A defesa de Wilson sustentou que ele era apenas um “laranja” ou “testa de ferro” e que não tinha poder de decisão nem conhecimento das irregularidades. O próprio réu afirmou, durante o interrogatório, que era vendedor e havia aceitado colocar o nome no contrato social da Copramil em troca de salário e comissões.

O juiz, porém, rejeitou a versão. Segundo a sentença, documentos financeiros mostraram Wilson prestando contas das compras de grãos, pagamentos a fornecedores e transferências financeiras diretamente a Irineu. Ordens de pagamento manuscritas também indicariam que ele executava operações determinadas por Irineu.

Para o magistrado, Wilson não era apenas um sócio formal, mas exercia funções de administração e gestão operacional nas empresas envolvidas. A sentença concluiu que ele participou conscientemente do esquema de sonegação do imposto.

Troca de notas
Na decisão, o juiz também considerou os depoimentos de motoristas. Um deles relatou que transportava cargas de soja e que recebeu instruções para trocar notas fiscais durante o trajeto. Ele contou ainda que chegou a ficar cerca de dez dias retido em um posto fiscal por problemas relacionados ao pagamento do ICMS.

Outro motorista confirmou a prática de substituição dos documentos. Segundo ele, em determinados postos de combustível, deixava a nota original e retirava outra já preparada com a placa do caminhão.

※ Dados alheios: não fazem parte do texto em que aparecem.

text \<open>A property of integer paths that only depends on the values on [a,b] is measurable for
  the product sigma-algebra: it is a countable union of cylinder sets.\<close>
lemma window_dependent_sets:
  fixes P :: "(int \<Rightarrow> int) \<Rightarrow> bool"
  assumes dep: "\<And>s s'. (\<forall>k\<in>{a..b}. s k = s' k) \<Longrightarrow> P s = P s'"
  shows "{s. P s} \<in> sets (PiM UNIV (\<lambda>_::int. count_space (UNIV::int set)))"
proof -
  let ?L = "\<lambda>s::int \<Rightarrow> int. map s [a..b]"
  have "{s. P s} = (\<Union>l\<in>{l. \<exists>s. ?L s = l \<and> P s}. {s. ?L s = l})"
  proof (rule set_eqI, rule iffI)
    fix s assume "s \<in> (\<Union>l\<in>{l. \<exists>s. ?L s = l \<and> P s}. {s. ?L s = l})"
    then obtain s0 where "?L s = ?L s0" "P s0" by blast
    then show "s \<in> {s. P s}" using dep[of s s0] by (simp add: map_eq_conv)
  qed auto
  also have "\<dots> \<in> sets (PiM UNIV (\<lambda>_::int. count_space (UNIV::int set)))"
    by (intro sets.countable_UN' countableI_type) (auto intro: finite_window_sets)
  finally show ?thesis .
qed

section \<open>Conditioning on an independent sigma-algebra\<close>

lemma (in prob_space) cond_exp_indicator_indep:
  assumes sub: "subalgebra M F" and indep: "indep_set (sets F) G"
    and E: "E \<in> sets F" and H: "H \<in> G"
  shows "AE x in M. real_cond_exp M F (indicator (E \<inter> H)) x = indicator E x * prob H"
proof -
  interpret finite_measure_subalgebra M F by unfold_locales (rule sub)
  have Eev: "E \<in> events" and Hev: "H \<in> events"
    using indep_setD_ev1[OF indep] indep_setD_ev2[OF indep] E H by auto
  show ?thesis
  proof (rule real_cond_exp_charact)
    fix B assume B: "B \<in> sets F"
    then have Bev: "B \<in> events" using indep_setD_ev1[OF indep] by auto
    have "(\<integral>x\<in>B. indicator (E \<inter> H) x \<partial>M) = prob ((B \<inter> E) \<inter> H)"
      using Bev Eev Hev
      by (simp add: set_lebesgue_integral_def indicator_inter_arith[symmetric] Int_assoc sets.Int_space_eq2)
    also have "\<dots> = prob (B \<inter> E) * prob H"
      using B E H by (intro indep_setD[OF indep]) auto
    also have "\<dots> = (\<integral>x\<in>B. indicator E x * prob H \<partial>M)"
      using Bev Eev
      by (simp add: set_lebesgue_integral_def indicator_inter_arith[symmetric] mult.assoc[symmetric] sets.Int_space_eq2)
    finally show "(\<integral>x\<in>B. indicator (E \<inter> H) x \<partial>M) = (\<integral>x\<in>B. indicator E x * prob H \<partial>M)" .
  qed (use Eev Hev E in \<open>simp_all add: emeasure_eq_measure\<close>)
qed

Para o juiz, apesar de os motoristas afirmarem que não conheciam Wilson pessoalmente, os documentos financeiros e registros empresariais foram suficientes para demonstrar a participação dele.

A sentença destaca ainda que a Copramil movimentou mais de R$ 2,3 milhões em grãos no período investigado. Para o magistrado, a complexidade da operação, que envolvia empresa de fachada, liminar obtida com contrato fraudulento e substituição sistemática de notas fiscais, demonstrava a ciência dos integrantes do núcleo central.

Condenação

Ao analisar as provas, o juiz Jean Garcia de Freitas Bezerra considerou comprovadas a materialidade e a autoria do crime previsto no artigo 1º, inciso IV, combinado com o artigo 11 da Lei 8.137/1990, que trata de crimes contra a ordem tributária.

Wilson foi condenado inicialmente a 2 anos e 8 meses de reclusão. Como possui mais de 70 anos, foi aplicada a atenuante da senilidade, reduzindo a pena para 2 anos, 2 meses e 20 dias de reclusão, que se tornou definitiva.

O regime inicial foi fixado como aberto. A pena de prisão foi substituída por duas restritivas de direitos: prestação de serviços à comunidade ou a entidades públicas e prestação pecuniária.

O réu também poderá recorrer em liberdade, já que a pena privativa de liberdade foi substituída e, segundo o juiz, não estavam presentes requisitos para determinar uma nova prisão cautelar.

A sentença ainda condenou Wilson ao pagamento das custas e despesas processuais. O juiz deixou de fixar um valor mínimo para reparação dos danos porque não houve pedido expresso na denúncia nem instrução específica sobre o montante.